Lists and generators can both be used for iteration (e.g. for loops). Generators can only be used once, but may save on memory usage. The `yield` keyword is comparable to the `return` keyword in typical function definition, but is commonly used for creating generators/iterators.

In [None]:
# Note that to print the (even) numbers between 4 and 20 inclusive
# we need to stop counting at 21
print(str(list(range(4, 21))), '\n', str(list(range(4, 21, 2))))

In [None]:
def mysequence():
    r'''Prints the sequence x_n = n^2 + 1 for n = 0,1,2,...,N for user defined N.''' 
    N = int(input('How many terms in the sequence n^2 + 1 to print? '))
    if N > 0:
        print([n*n + 1 for n in range(N)])
        return None
    return None

mysequence()

### More exercises

In [None]:
def maxthree():
    r'''Displays the largest of three user input numbers''' 
    a, b, c = input('a = '), input('b = '), input('c = ')
    a, b, c = float(a), float(b), float(c)
    return max(a, b, c)

maxthree()

In [None]:
def shut_down(s):
    s = s.strip().lower()
    if s == "yes":
        return 'Shutting down'
    elif s == 'no':
        return 'Shutdown aborted'
    else:
        return 'Unknown parameter'

print(shut_down(input('Shut down the system? ')))

In [None]:
def dist_from_zero(x):
    r'''Calculates the absolute value of the input variable''' 
    if type(x) == int or type(x) == float:
        return abs(x)
    else:
        return('Error')

l = [-5, -5.6, '-5.6']
print('x | type(x) | f(x)')
for x in l:
    print('{} | {} | {}'.format(x, type(x), dist_from_zero(x)))

# Note: The following will throw an error because inputs are always received as strings
x = input('Please provide an input: ')
print('The absolute value of {} is {}'.format(x, dist_from_zero(x)))
# We can resolve this by a type conversion as follows:
print('The absolute value of {} is {}'.format(x, dist_from_zero(float(x))))

## Modules
Saving your code and functions in .py files allows them to be reused elsewhere.
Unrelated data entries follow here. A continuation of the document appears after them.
(* Let $U$ be an $n\times n$ matrix whose entries are Laurent polynomials in $x$ over $\mathbb{C}$, such that $\det U$ is a nonzero constant (independent of $x$); then $U^{-1}$ also has Laurent polynomial entries. The following are equivalent: (i) there exist $n\times n$ matrices $T(x)$, with entries polynomial in $x$, and $S(x^{-1})$, with entries polynomial in $x^{-1}$, both having nonzero constant determinants, such that $U=T(x)\,S^{-1}(x^{-1})$; (ii) there exist $n$ column vectors $v_1(x),\dots,v_n(x)$ with entries polynomial in $x$, linearly independent over $\mathbb{C}(x)$, each satisfying $\mathrm{PP}_\infty\big(U^{-1}(x)v_i(x)\big)=0$. Moreover, when (ii) holds, taking $T$ to be the matrix with columns $v_1,\dots,v_n$ and $S=U^{-1}T$ gives a decomposition as in (i); and in any decomposition as in (i), the degree in $x$ of the entries of $T$ does not exceed the maximal power of $x$ occurring in the entries of $U$ (so the polynomial solutions $v$ of $\mathrm{PP}_\infty(U^{-1}v)=0$ relevant for (i) can be found by solving a finite linear system).
   Context: For a Laurent polynomial (or vector/matrix of Laurent polynomials) $f(x)=\sum_k f_k x^k$, $\mathrm{PP}_\infty f$ denotes its principal part at $x=\infty$, namely $\sum_{k>0} f_k x^k$, the part containing strictly positive powers of $x$. *)

theory Defs
  imports "HOL-Computational_Algebra.Formal_Laurent_Series" "Jordan_Normal_Form.Determinant"
begin

text \<open>Laurent polynomials in x over the complex numbers are modelled as those formal
 Laurent series (type complex fls, variable x = fls_X) having only finitely many
 nonzero coefficients. (Formal Laurent series already have finitely many negative powers.)\<close>

definition laurent_poly :: "complex fls \<Rightarrow> bool" where
  "laurent_poly f \<longleftrightarrow> (\<exists>N::int. \<forall>k>N. fls_nth f k = 0)"

definition poly_in_x :: "complex fls \<Rightarrow> bool" where
  "poly_in_x f \<longleftrightarrow> laurent_poly f \<and> (\<forall>k<0. fls_nth f k = 0)"

definition poly_in_xinv :: "complex fls \<Rightarrow> bool" where
  "poly_in_xinv f \<longleftrightarrow> (\<forall>k>0. fls_nth f k = 0)"

definition nonzero_const :: "complex fls \<Rightarrow> bool" where
  "nonzero_const f \<longleftrightarrow> (\<exists>c. c \<noteq> 0 \<and> f = fls_const c)"

definition rat_fun :: "complex fls \<Rightarrow> bool" where
  "rat_fun f \<longleftrightarrow> (\<exists>p q. poly_in_x p \<and> poly_in_x q \<and> q \<noteq> 0 \<and> f = p / q)"

definition PP_inf :: "complex fls \<Rightarrow> complex fls" where
  "PP_inf f = Abs_fls (\<lambda>k. if k > 0 then fls_nth f k else 0)"

definition PP_inf_vec :: "complex fls vec \<Rightarrow> complex fls vec" where
  "PP_inf_vec v = map_vec PP_inf v"

definition entries_satisfy :: "(complex fls \<Rightarrow> bool) \<Rightarrow> nat \<Rightarrow> complex fls mat \<Rightarrow> bool" where
  "entries_satisfy P n M \<longleftrightarrow> M \<in> carrier_mat n n \<and> (\<forall>i<n. \<forall>j<n. P (M $$ (i,j)))"

definition lin_indep_ratfun :: "nat \<Rightarrow> (nat \<Rightarrow> complex fls vec) \<Rightarrow> bool" where
  "lin_indep_ratfun n v \<longleftrightarrow>
     (\<forall>c. (\<forall>i<n. rat_fun (c i)) \<and> (\<forall>r<n. (\<Sum>i<n. c i * v i $ r) = 0)
          \<longrightarrow> (\<forall>i<n. c i = 0))"

definition TS_decomposition :: "nat \<Rightarrow> complex fls mat \<Rightarrow> complex fls mat \<Rightarrow> complex fls mat \<Rightarrow> bool" where
  "TS_decomposition n U T S \<longleftrightarrow>
     entries_satisfy poly_in_x n T \<and> entries_satisfy poly_in_xinv n S \<and>
     nonzero_const (det T) \<and> nonzero_const (det S) \<and>
     (\<exists>Sinv \<in> carrier_mat n n. S * Sinv = 1\<^sub>m n \<and> Sinv * S = 1\<^sub>m n \<and> U = T * Sinv)"

definition cond_ii :: "nat \<Rightarrow> complex fls mat \<Rightarrow> (nat \<Rightarrow> complex fls vec) \<Rightarrow> bool" where
  "cond_ii n Uinv v \<longleftrightarrow>
     (\<forall>i<n. v i \<in> carrier_vec n \<and> (\<forall>r<n. poly_in_x (v i $ r))) \<and>
     lin_indep_ratfun n v \<and>
     (\<forall>i<n. PP_inf_vec (Uinv *\<^sub>v v i) = 0\<^sub>v n)"

definition max_xpow :: "nat \<Rightarrow> complex fls mat \<Rightarrow> int" where
  "max_xpow n U = Max {k. \<exists>i<n. \<exists>j<n. fls_nth (U $$ (i,j)) k \<noteq> 0}"

end

theory Submission
  imports Defs
begin

text \<open>Since \<open>det U\<close> is a nonzero constant, \<open>U\<^sup>-\<^sup>1 = adj U / det U\<close> has Laurent polynomial
  entries. If \<open>U = T S\<^sup>-\<^sup>1\<close>, then \<open>U\<^sup>-\<^sup>1 T = S\<close> has no positive powers of \<open>x\<close>, so the columns of
  the invertible matrix \<open>T\<close> satisfy (ii); and \<open>T = U S\<close> with \<open>S\<close> free of positive powers
  bounds the degree of \<open>T\<close> by the top power occurring in \<open>U\<close>. Conversely, let \<open>T\<close> have the
  columns \<open>v\<^sub>i\<close> and \<open>S = U\<^sup>-\<^sup>1 T\<close>. Then \<open>S\<close> is polynomial in \<open>x\<^sup>-\<^sup>1\<close>, \<open>det T \<noteq> 0\<close> by independence, and
  \<open>det T = det U \<cdot> det S\<close> is polynomial both in \<open>x\<close> and in \<open>x\<^sup>-\<^sup>1\<close>, hence a nonzero constant,
  and then so is \<open>det S\<close>.\<close>

lemma fls_nth_mult_eq_0_above:
  fixes f g :: "'a::{comm_monoid_add,mult_zero} fls"
  assumes "\<forall>k>a. fls_nth f k = 0" "\<forall>k>b. fls_nth g k = 0" "k > a + b"
  shows "fls_nth (f * g) k = 0"
proof -
  have "fls_nth (f * g) k =
      (\<Sum>i=fls_subdegree f..k - fls_subdegree g. fls_nth f i * fls_nth g (k - i))"
    by (rule fls_times_nth(2))
  also have "\<dots> = 0"
  proof (rule sum.neutral, intro ballI)
    fix i
    show "fls_nth f i * fls_nth g (k - i) = 0"
    proof (cases "i > a")
      case False
      then have "k - i > b" using assms(3) by simp
      then show ?thesis using assms(2) by simp
    qed (use assms(1) in simp)
  qed
  finally show ?thesis .
qed

lemma fls_nth_mult_eq_0_below:
  fixes f g :: "'a::{comm_monoid_add,mult_zero} fls"
  assumes "\<forall>k<a. fls_nth f k = 0" "\<forall>k<b. fls_nth g k = 0" "k < a + b"
  shows "fls_nth (f * g) k = 0"
proof (cases "f = 0 \<or> g = 0")
  case False
  then have "a \<le> fls_subdegree f" "b \<le> fls_subdegree g"
    using assms by (auto intro!: fls_subdegree_geI)
  then show ?thesis using assms(3) by (intro fls_times_nth_eq0) simp
qed auto

definition ring_closed :: "('a::comm_ring_1 \<Rightarrow> bool) \<Rightarrow> bool" where
  "ring_closed P \<longleftrightarrow> P 0 \<and> P 1 \<and> (\<forall>a. P a \<longrightarrow> P (- a)) \<and>
     (\<forall>a b. P a \<longrightarrow> P b \<longrightarrow> P (a + b) \<and> P (a * b))"

lemma ring_closedI:
  assumes "P 0" "P 1" "\<And>a. P a \<Longrightarrow> P (- a)"
    "\<And>a b. P a \<Longrightarrow> P b \<Longrightarrow> P (a + b)" "\<And>a b. P a \<Longrightarrow> P b \<Longrightarrow> P (a * b)"
  shows "ring_closed P"
  using assms unfolding ring_closed_def by blast

lemma ring_closedD:
  assumes "ring_closed P"
  shows "P 0" "P 1" "P a \<Longrightarrow> P (- a)"
    "P a \<Longrightarrow> P b \<Longrightarrow> P (a + b)" "P a \<Longrightarrow> P b \<Longrightarrow> P (a * b)"
  using assms unfolding ring_closed_def by blast+

lemma ring_closed_sum:
  assumes "ring_closed P" "\<And>x. x \<in> A \<Longrightarrow> P (f x)"
  shows "P (sum f A)"
  using assms(2) by (induction A rule: infinite_finite_induct) (simp_all add: ring_closedD[OF assms(1)])

lemma ring_closed_prod:
  assumes "ring_closed P" "\<And>x. x \<in> A \<Longrightarrow> P (f x)"
  shows "P (prod f A)"
  using assms(2) by (induction A rule: infinite_finite_induct) (simp_all add: ring_closedD[OF assms(1)])

lemma ring_closed_det:
  assumes P: "ring_closed P" and A: "A \<in> carrier_mat n n"
    and entries: "\<forall>i<n. \<forall>j<n. P (A $$ (i,j))"
  shows "P (det A)"
proof -
  have sign: "P (signof p)" for p :: "nat \<Rightarrow> nat"
    by (cases p rule: sign_cases) (simp_all add: ring_closedD[OF P])
  show ?thesis unfolding det_def'[OF A]
  proof (rule ring_closed_sum[OF P])
    fix p assume "p \<in> {p. p permutes {0..<n}}"
    then have "\<And>i. i \<in> {0..<n} \<Longrightarrow> p i < n" by (auto dest: permutes_in_image)
    then show "P (signof p * (\<Prod>i = 0..<n. A $$ (i, p i)))"
      using entries by (intro ring_closedD(5)[OF P] sign ring_closed_prod[OF P]) auto
  qed
qed

lemma ring_closed_adj_mat:
  assumes P: "ring_closed P" and A: "A \<in> carrier_mat n n"
    and entries: "\<forall>i<n. \<forall>j<n. P (A $$ (i,j))" and "i < n" "j < n"
  shows "P (adj_mat A $$ (i,j))"
proof -
  have sign: "P ((-1) ^ k)" for k
    by (induction k) (auto intro: ring_closedD[OF P])
  have "\<forall>a<n-1. \<forall>b<n-1. P (mat_delete A j i $$ (a,b))"
    using A entries by (auto simp: mat_delete_def)
  then have "P (det (mat_delete A j i))"
    by (intro ring_closed_det[OF P mat_delete_carrier[OF A]])
  moreover have "adj_mat A $$ (i,j) = (-1)^(j+i) * det (mat_delete A j i)"
    using A assms(4,5) by (simp add: adj_mat_def cofactor_def)
  ultimately show ?thesis using sign ring_closedD(5)[OF P] by simp
qed

lemma ring_closed_laurent_poly: "ring_closed laurent_poly"
proof (rule ring_closedI)
  show "laurent_poly 0" "laurent_poly 1"
    unfolding laurent_poly_def by (auto intro: exI[of _ 0])
next
  fix f assume "laurent_poly f"
  then show "laurent_poly (- f)" unfolding laurent_poly_def by auto
next
  fix f g assume "laurent_poly f" "laurent_poly g"
  then obtain a b where ab: "\<forall>k>a. fls_nth f k = 0" "\<forall>k>b. fls_nth g k = 0"
    unfolding laurent_poly_def by blast
  then show "laurent_poly (f + g)"
    unfolding laurent_poly_def by (intro exI[of _ "max a b"]) simp
  show "laurent_poly (f * g)"
    unfolding laurent_poly_def using fls_nth_mult_eq_0_above[OF ab] by blast
qed

lemma ring_closed_poly_in_x: "ring_closed poly_in_x"
proof (rule ring_closedI)
  show "poly_in_x 0" "poly_in_x 1"
    unfolding poly_in_x_def using ring_closedD[OF ring_closed_laurent_poly] by auto
next
  fix f assume "poly_in_x f"
  then show "poly_in_x (- f)"
    unfolding poly_in_x_def using ring_closedD[OF ring_closed_laurent_poly] by auto
next
  fix f g assume "poly_in_x f" "poly_in_x g"
  then show "poly_in_x (f + g)" "poly_in_x (f * g)"
    unfolding poly_in_x_def
    using ring_closedD[OF ring_closed_laurent_poly] fls_nth_mult_eq_0_below[of 0 f 0 g] by auto
qed

lemma ring_closed_poly_in_xinv: "ring_closed poly_in_xinv"
proof (rule ring_closedI)
  fix f g assume "poly_in_xinv f" "poly_in_xinv g"
  then show "poly_in_xinv (f * g)"
    unfolding poly_in_xinv_def using fls_nth_mult_eq_0_above[of 0 f 0 g] by auto
qed (auto simp: poly_in_xinv_def)

lemma fls_eq_const_if_poly_in_x_poly_in_xinv:
  assumes "poly_in_x f" "poly_in_xinv f"
  shows "f = fls_const (fls_nth f 0)"
  using assms unfolding poly_in_x_def poly_in_xinv_def by (intro fls_eqI) (auto simp: neq_iff)

lemma nonzero_const_mult: "nonzero_const f \<Longrightarrow> nonzero_const g \<Longrightarrow> nonzero_const (f * g)"
  unfolding nonzero_const_def by (metis fls_const_mult_const mult_eq_0_iff)

lemma nonzero_const_inverse: "nonzero_const f \<Longrightarrow> nonzero_const (inverse f)"
  unfolding nonzero_const_def by (metis fls_inverse_const inverse_nonzero_iff_nonzero)

definition fls_of_poly :: "'a::comm_ring_1 poly \<Rightarrow> 'a fls" where
  "fls_of_poly p = fps_to_fls (fps_of_poly p)"

lemma fls_nth_fls_of_poly: "fls_nth (fls_of_poly p) k = (if k < 0 then 0 else coeff p (nat k))"
  unfolding fls_of_poly_def by simp

lemma inj_comm_ring_hom_fls_of_poly: "inj_comm_ring_hom (fls_of_poly :: 'a::comm_ring_1 poly \<Rightarrow> _)"
  by unfold_locales (auto simp: fls_of_poly_def fps_of_poly_add fps_of_poly_mult
      fls_times_fps_to_fls fps_of_poly_eq_iff[of _ 0, simplified])

lemma poly_in_x_iff_fls_of_poly: "poly_in_x f \<longleftrightarrow> (\<exists>p. f = fls_of_poly p)"
proof
  assume "poly_in_x f"
  then obtain N where N: "\<forall>k>N. fls_nth f k = 0" "\<forall>k<0. fls_nth f k = 0"
    unfolding poly_in_x_def laurent_poly_def by auto
  define p where "p = Abs_poly (\<lambda>i. if i \<le> nat N then fls_nth f (int i) else 0)"
  have "f = fls_of_poly p"
    using N by (intro fls_eqI) (auto simp: fls_nth_fls_of_poly p_def coeff_Abs_poly_If_le)
  then show "\<exists>p. f = fls_of_poly p" ..
next
  assume "\<exists>p. f = fls_of_poly p"
  then obtain p where f: "f = fls_of_poly p" ..
  show "poly_in_x f"
    unfolding f poly_in_x_def laurent_poly_def fls_nth_fls_of_poly
    by (intro conjI exI[of _ "int (degree p)"]) (auto simp: coeff_eq_0)
qed

lemma rat_fun_if_poly_in_x: "poly_in_x f \<Longrightarrow> rat_fun f"
  unfolding rat_fun_def by (rule exI[of _ f], rule exI[of _ 1]) (simp add: ring_closedD[OF ring_closed_poly_in_x])

lemma PP_inf_nth: "fls_nth (PP_inf f) k = (if k > 0 then fls_nth f k else 0)"
  unfolding PP_inf_def by (rule nth_Abs_fls_lower_bound[of 0]) auto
These can be imported/accessed through the directory structure as `import folder.file.function as custom_function_name`. This course doesn't deal with classes/object oriented approaches. Third party modules are modules that other people have written to solve all of your problems.

![alt text](https://imgs.xkcd.com/comics/python.png "Python, 2007-12-5")
Source: https://xkcd.com/353/

In [None]:
import random

def guessmynumber():
    r'''Asks the user to guess a randomly generated integer between 1 and 9,
    telling the user if their guess is too high, too low, or exactly right.
    Users have a maximum of three guesses.''' 
    x = random.randint(1, 9)
    print("Guess the randomly generated integer between 1 and 9 inclusive.\nYou have three guesses.")
    for i in range(3):
        guess = int(input("Guess {}: ".format(i+1)))
        if guess == x:
            print('Exactly right! Well done!')
            return None
        elif guess > x:
            print('Too high!')
        elif guess < x:
            print('Too low!')
    print('You lose')
    return None

guessmynumber()

### Introducing the `numpy` module

Below we handcraft a function to solve polynomial equations of degree at most 2.

In [None]:
def quadraticsolver(a, b, c):
    r'''Solves the real quadratic equation ax^2 + bx + c = 0 from inputs a,b,c.''' 
    if a == 0:
        print('This isn\'t a quadratic equation. We cannot have a = 0')
        if b != 0:
            print(
                'The solution to the linear equation {}x + {} = 0 is x = {}'.format(b, c, -c/b))
            return -c/b
        elif c == 0:
            print('The trivial equation 0 = 0 is true for all x')
            return True
        else:
            print('The equation {} = 0 has no solutions for any x'.format(c))
            return None
    disc = b * b - 4 * a * c
    if disc == 0:
        print('Repeated root')
        return -b/(2*a)
    elif disc > 0:
        print('Distinct real roots')
    elif disc < 0:
        print('Complex conjugate roots')
    return (-b + disc**(1/2))/(2*a), (-b - disc**(1/2))/(2*a)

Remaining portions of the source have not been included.